_Problem to work on_. Say how many lines in the entries below have the word "thesis" in them, giving only the number.

_Extracted entries_.
lemma riesz_density_set_integral:
  assumes "0 \<le> s"
  shows set_integrable_riesz_density: "set_integrable lborel {0..s} (riesz_density M \<alpha>)"
    and set_integral_riesz_density:
      "(LINT r:{0..s}|lborel. riesz_density M \<alpha> r) = enn2real (riesz_mass M \<alpha> s) / \<alpha>"
proof -
  have "(\<integral>\<^sup>+r. indicator {0..s} r * riesz_mass M (\<alpha> - 1) r \<partial>lborel) \<noteq> \<infinity>"
    using riesz_mass_finite[of s] by (simp add: nn_integral_Icc_riesz_mass ennreal_mult_eq_top_iff)
  then have "AE r in lborel. indicator {0..s} r * riesz_mass M (\<alpha> - 1) r \<noteq> \<infinity>"
    by (intro nn_integral_PInf_AE) (use borel_measurable_riesz_mass in measurable)
  then have "(\<integral>\<^sup>+r. ennreal (indicator {0..s} r *\<^sub>R riesz_density M \<alpha> r) \<partial>lborel)
      = (\<integral>\<^sup>+r. indicator {0..s} r * riesz_mass M (\<alpha> - 1) r \<partial>lborel)"
    by (intro nn_integral_cong_AE, eventually_elim)
       (auto simp: indicator_def riesz_density_eq_riesz_mass[OF sets_eq_borel] less_top)
  then have nn_integral: "(\<integral>\<^sup>+r. ennreal (indicator {0..s} r *\<^sub>R riesz_density M \<alpha> r) \<partial>lborel)
      = ennreal (1 / \<alpha>) * riesz_mass M \<alpha> s"
    by (simp add: nn_integral_Icc_riesz_mass)
  have measurable: "(\<lambda>r. indicator {0..s} r *\<^sub>R riesz_density M \<alpha> r) \<in> borel_measurable lborel"
    using borel_measurable_riesz_density by measurable
  have nonneg: "0 \<le> riesz_density M \<alpha> r" for r
    by (simp add: riesz_density_eq_riesz_mass[OF sets_eq_borel])
  show "set_integrable lborel {0..s} (riesz_density M \<alpha>)"
    unfolding set_integrable_def
    by (rule integrableI_nonneg[OF measurable])
       (use nn_integral riesz_mass_finite nonneg in \<open>auto simp: ennreal_mult_less_top indicator_def\<close>)
  have "(LINT r:{0..s}|lborel. riesz_density M \<alpha> r) = enn2real (ennreal (1 / \<alpha>) * riesz_mass M \<alpha> s)"
    unfolding set_lebesgue_integral_def nn_integral[symmetric]
    by (rule integral_eq_nn_integral[OF measurable]) (simp add: nonneg)
  also have "\<dots> = enn2real (riesz_mass M \<alpha> s) / \<alpha>"
    using alpha_pos by (simp add: enn2real_mult)
  finally show "(LINT r:{0..s}|lborel. riesz_density M \<alpha> r) = enn2real (riesz_mass M \<alpha> s) / \<alpha>" .
qed

lemma continuous_on_set_integral_riesz_density:
  "0 \<le> b \<Longrightarrow> continuous_on {0..b} (\<lambda>s. LINT r:{0..s}|lborel. riesz_density M \<alpha> r)"
  using indefinite_integral_continuous_1[OF set_borel_integral_eq_integral(1)[OF set_integrable_riesz_density]]
  by (rule continuous_on_eq) (auto simp: set_borel_integral_eq_integral(2)[OF set_integrable_riesz_density])

lemma laplace_riesz_mass:
  assumes "0 < t"
  shows "(\<integral>\<^sup>+u. ennreal (indicator {0..} u * exp (- (t * u))) * riesz_mass M \<alpha> u \<partial>lborel)
       = ennreal (Gamma (\<alpha> + 1) / t powr (\<alpha> + 1)) * laplace_stieltjes M t"
proof -
  define q where "q u x = ennreal (if 0 \<le> x \<and> x \<le> u then exp (- (t * u)) * (u - x) powr \<alpha> else 0)" for u x
  have q_measurable: "(\<lambda>(u, x). q u x) \<in> borel_measurable (lborel \<Otimes>\<^sub>M M)"
    unfolding q_def by measurable
  have "(\<integral>\<^sup>+u. ennreal (indicator {0..} u * exp (- (t * u))) * riesz_mass M \<alpha> u \<partial>lborel)
      = (\<integral>\<^sup>+u. (\<integral>\<^sup>+x. q u x \<partial>M) \<partial>lborel)"
  proof (intro nn_integral_cong)
    fix u
    show "ennreal (indicator {0..} u * exp (- (t * u))) * riesz_mass M \<alpha> u = (\<integral>\<^sup>+x. q u x \<partial>M)"
    proof (cases "0 \<le> u")
      case True
      then show ?thesis
        unfolding riesz_mass_def q_def
        by (auto simp: ennreal_mult nn_integral_cmult[symmetric] intro!: nn_integral_cong)
    next
      case False
      then have "q u x = 0" for x
        unfolding q_def by auto
      with False show ?thesis by simp
    qed
  qed
  also have "\<dots> = (\<integral>\<^sup>+x. (\<integral>\<^sup>+u. q u x \<partial>lborel) \<partial>M)"
    using pair_sigma_finite.Fubini'[OF pair_sigma_finite_lborel, of "\<lambda>x u. q u x"] q_measurable
    by (simp add: measurable_pair_swap_iff[symmetric] case_prod_beta)
  also have "\<dots> = (\<integral>\<^sup>+x. ennreal (Gamma (\<alpha> + 1) / t powr (\<alpha> + 1)) * ennreal (indicator {0..} x * exp (- (t * x))) \<partial>M)"
  proof (intro nn_integral_cong)
    fix x
    show "(\<integral>\<^sup>+u. q u x \<partial>lborel)
        = ennreal (Gamma (\<alpha> + 1) / t powr (\<alpha> + 1)) * ennreal (indicator {0..} x * exp (- (t * x)))"
    proof (cases "0 \<le> x")
      case True
      then have "(\<integral>\<^sup>+u. q u x \<partial>lborel)
          = ennreal (exp (- (t * x)) * Gamma (\<alpha> + 1) / t powr (\<alpha> + 1))"
        unfolding q_def using nn_integral_exp_shifted_powr[of \<alpha> t x] alpha_pos assms by simp
      with True show ?thesis
        using alpha_pos by (simp add: ennreal_mult[symmetric] Gamma_real_pos less_imp_le mult_ac)
    qed (simp add: q_def)
  qed
  also have "\<dots> = ennreal (Gamma (\<alpha> + 1) / t powr (\<alpha> + 1)) * laplace_stieltjes M t"
    unfolding laplace_stieltjes_def by (rule nn_integral_cmult) measurable
  finally show ?thesis .
qed

end

section \<open>Right-continuous distribution functions\<close>

locale stieltjes_cdf =
  fixes G :: "real \<Rightarrow> real"
  assumes mono: "\<And>x y. x \<le> y \<Longrightarrow> G x \<le> G y"
    and continuous_at_right: "\<And>a. continuous (at_right a) G"
    and vanishes_neg: "\<And>x. x < 0 \<Longrightarrow> G x = 0"
begin

lemma nonneg: "0 \<le> G x"
  using mono[of "min x (-1)" x] vanishes_neg[of "min x (-1)"] by simp

lemma emeasure_Ioc: "a \<le> b \<Longrightarrow> emeasure (interval_measure G) {a<..b} = G b - G a"
  by (rule emeasure_interval_measure_Ioc) (auto intro: mono continuous_at_right)

lemma emeasure_Icc_0:
  assumes "0 \<le> u"
  shows "emeasure (interval_measure G) {0..u} = G u"
proof -
  have "{-1<..<0} = (\<Union>n. {-1<..-1 / Suc n})"
  proof (intro set_eqI iffI)
    fix x :: real
    assume x: "x \<in> {-1<..<0}"
    then obtain n where "inverse (Suc n) < -x"
      using reals_Archimedean[of "-x"] by auto
    with x have "x \<in> {-1<..-1 / Suc n}"
      by (auto simp: inverse_eq_divide)
    then show "x \<in> (\<Union>n. {-1<..-1 / Suc n})"
      by blast
  next
    fix x :: real
    assume "x \<in> (\<Union>n. {-1<..-1 / Suc n})"
    then obtain n where "-1 < x" "x \<le> -1 / Suc n"
      by auto
    moreover have "-1 / Suc n < (0::real)"
      by simp
    ultimately have "-1 < x \<and> x < 0"
      by linarith
    then show "x \<in> {-1<..<0}"
      by simp
  qed
  moreover have "{-1<..-1 / Suc n} \<in> null_sets (interval_measure G)" for n
    using emeasure_Ioc[of "-1" "-1 / Suc n"] by (simp add: vanishes_neg null_sets_def)
  ultimately have "{-1<..<0} \<in> null_sets (interval_measure G)"
    by (metis null_sets_UN)
  then have "emeasure (interval_measure G) ({-1<..u} - {-1<..<0}) = G u - G (-1)"
    using assms by (simp add: emeasure_Diff_null_set emeasure_Ioc)
  moreover have "{-1<..u} - {-1<..<0} = {0..u}"
    using assms by auto
  ultimately show ?thesis
    by (simp add: vanishes_neg)
qed

lemma sigma_finite_borel_interval_measure: "sigma_finite_borel_measure (interval_measure G)"
proof (intro sigma_finite_borel_measure.intro sigma_finite_borel_measure_axioms.intro)
  show "sigma_finite_measure (interval_measure G)"
    by (rule sigma_finite_interval_measure[OF mono continuous_at_right])
qed (rule sets_interval_measure)

lemma riesz_kernel_interval_measure: "0 < \<alpha> \<Longrightarrow> riesz_kernel (interval_measure G) \<alpha>"
proof (intro riesz_kernel.intro riesz_kernel_axioms.intro sigma_finite_borel_interval_measure)
  show "emeasure (interval_measure G) {0..s} < \<infinity>" for s
    by (cases "0 \<le> s") (simp_all add: emeasure_Icc_0)
qed

end

definition LS_cdf :: "(real \<Rightarrow> real) \<Rightarrow> real \<Rightarrow> real" where
  "LS_cdf f x = (if x < 0 then 0 else Lim (at_right x) f)"

lemma LS_measure_eq_interval_measure: "LS_measure f = interval_measure (LS_cdf f)"
  unfolding LS_measure_def LS_cdf_def ..

lemma sets_LS_measure [simp, measurable_cong]: "sets (LS_measure f) = sets borel"
  by (simp add: LS_measure_eq_interval_measure)

lemma LS_cdf_eq_self: "0 \<le> x \<Longrightarrow> continuous (at_right x) f \<Longrightarrow> LS_cdf f x = f x"
  unfolding LS_cdf_def continuous_within by (simp add: tendsto_Lim)

locale nonneg_increasing =
  fixes f :: "real \<Rightarrow> real"
  assumes mono_on_nonneg: "mono_on {0..} f"
    and nonneg_0: "0 \<le> f 0"
begin

lemma mono: "0 \<le> a \<Longrightarrow> a \<le> b \<Longrightarrow> f a \<le> f b"
  using mono_on_nonneg by (auto simp: mono_on_def)

lemma tendsto_LS_cdf:
  assumes "0 \<le> x"
  shows "(f \<longlongrightarrow> LS_cdf f x) (at_right x)"
proof -
  have "(f \<longlongrightarrow> Inf (f ` ({x<..} \<inter> {0..}))) (at x within ({x<..} \<inter> {0..}))"
    by (rule Lim_right_bound[where K="f 0"]) (use assms in \<open>auto intro: mono\<close>)
  moreover have "{x<..} \<inter> {0..} = {x<..}"
    using assms by auto
  ultimately have "(f \<longlongrightarrow> Inf (f ` {x<..})) (at_right x)"
    by simp
  with assms show ?thesis
    unfolding LS_cdf_def by (simp add: tendsto_Lim)
qed

lemma le_LS_cdf: "0 \<le> x \<Longrightarrow> f x \<le> LS_cdf f x"
  by (rule tendsto_lowerbound[OF tendsto_LS_cdf])
     (auto simp: eventually_at_right_field intro!: exI[of _ "x + 1"] mono)

lemma LS_cdf_le: "0 \<le> x \<Longrightarrow> x < y \<Longrightarrow> LS_cdf f x \<le> f y"
  by (rule tendsto_upperbound[OF tendsto_LS_cdf])
     (auto simp: eventually_at_right_field intro!: exI[of _ y] mono)

lemma LS_cdf_nonneg: "0 \<le> LS_cdf f x"
  using le_LS_cdf[of x] mono[of 0 x] nonneg_0 by (auto simp: LS_cdf_def)

lemma LS_cdf_mono:
  assumes "x \<le> y"
  shows "LS_cdf f x \<le> LS_cdf f y"
proof (cases "x < 0")
  case True
  then show ?thesis
    using LS_cdf_nonneg[of y] by (simp add: LS_cdf_def)
next
  case False
  with assms show ?thesis
    by (intro tendsto_lowerbound[OF tendsto_LS_cdf])
       (auto simp: eventually_at_right_field intro!: exI[of _ "y + 1"] LS_cdf_le)
qed

lemma continuous_at_right_LS_cdf: "continuous (at_right a) (LS_cdf f)"
proof (cases "a < 0")
  case True
  then have "eventually (\<lambda>y. LS_cdf f y = LS_cdf f a) (at_right a)"
    by (auto simp: LS_cdf_def eventually_at_right_field intro!: exI[of _ 0])
  then show ?thesis
    unfolding continuous_within by (rule tendsto_eventually)
next
  case False
  then have a: "0 \<le> a" by simp
  have "filterlim (\<lambda>y. 2 * y - a) (at_right a) (at_right a)"
    unfolding filterlim_at
    by (auto simp: eventually_at_right_field intro!: exI[of _ "a + 1"] tendsto_eq_intros)
  then have upper: "((\<lambda>y. f (2 * y - a)) \<longlongrightarrow> LS_cdf f a) (at_right a)"
    by (rule filterlim_compose[OF tendsto_LS_cdf[OF a]])
  show ?thesis
    unfolding continuous_within
  proof (rule tendsto_sandwich[OF _ _ tendsto_LS_cdf[OF a] upper])
    show "eventually (\<lambda>y. f y \<le> LS_cdf f y) (at_right a)"
      using a by (auto simp: eventually_at_right_less eventually_at_right_field intro!: exI[of _ "a + 1"] le_LS_cdf)
    show "eventually (\<lambda>y. LS_cdf f y \<le> f (2 * y - a)) (at_right a)"
      using a by (auto simp: eventually_at_right_field intro!: exI[of _ "a + 1"] LS_cdf_le)
  qed
qed

lemma stieltjes_cdf_LS_cdf: "stieltjes_cdf (LS_cdf f)"
proof
  show "LS_cdf f x \<le> LS_cdf f y" if "x \<le> y" for x y
    using that by (rule LS_cdf_mono)
  show "continuous (at_right a) (LS_cdf f)" for a
    by (rule continuous_at_right_LS_cdf)
  show "LS_cdf f x = 0" if "x < 0" for x
    using that by (simp add: LS_cdf_def)
qed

_Answer space_. 10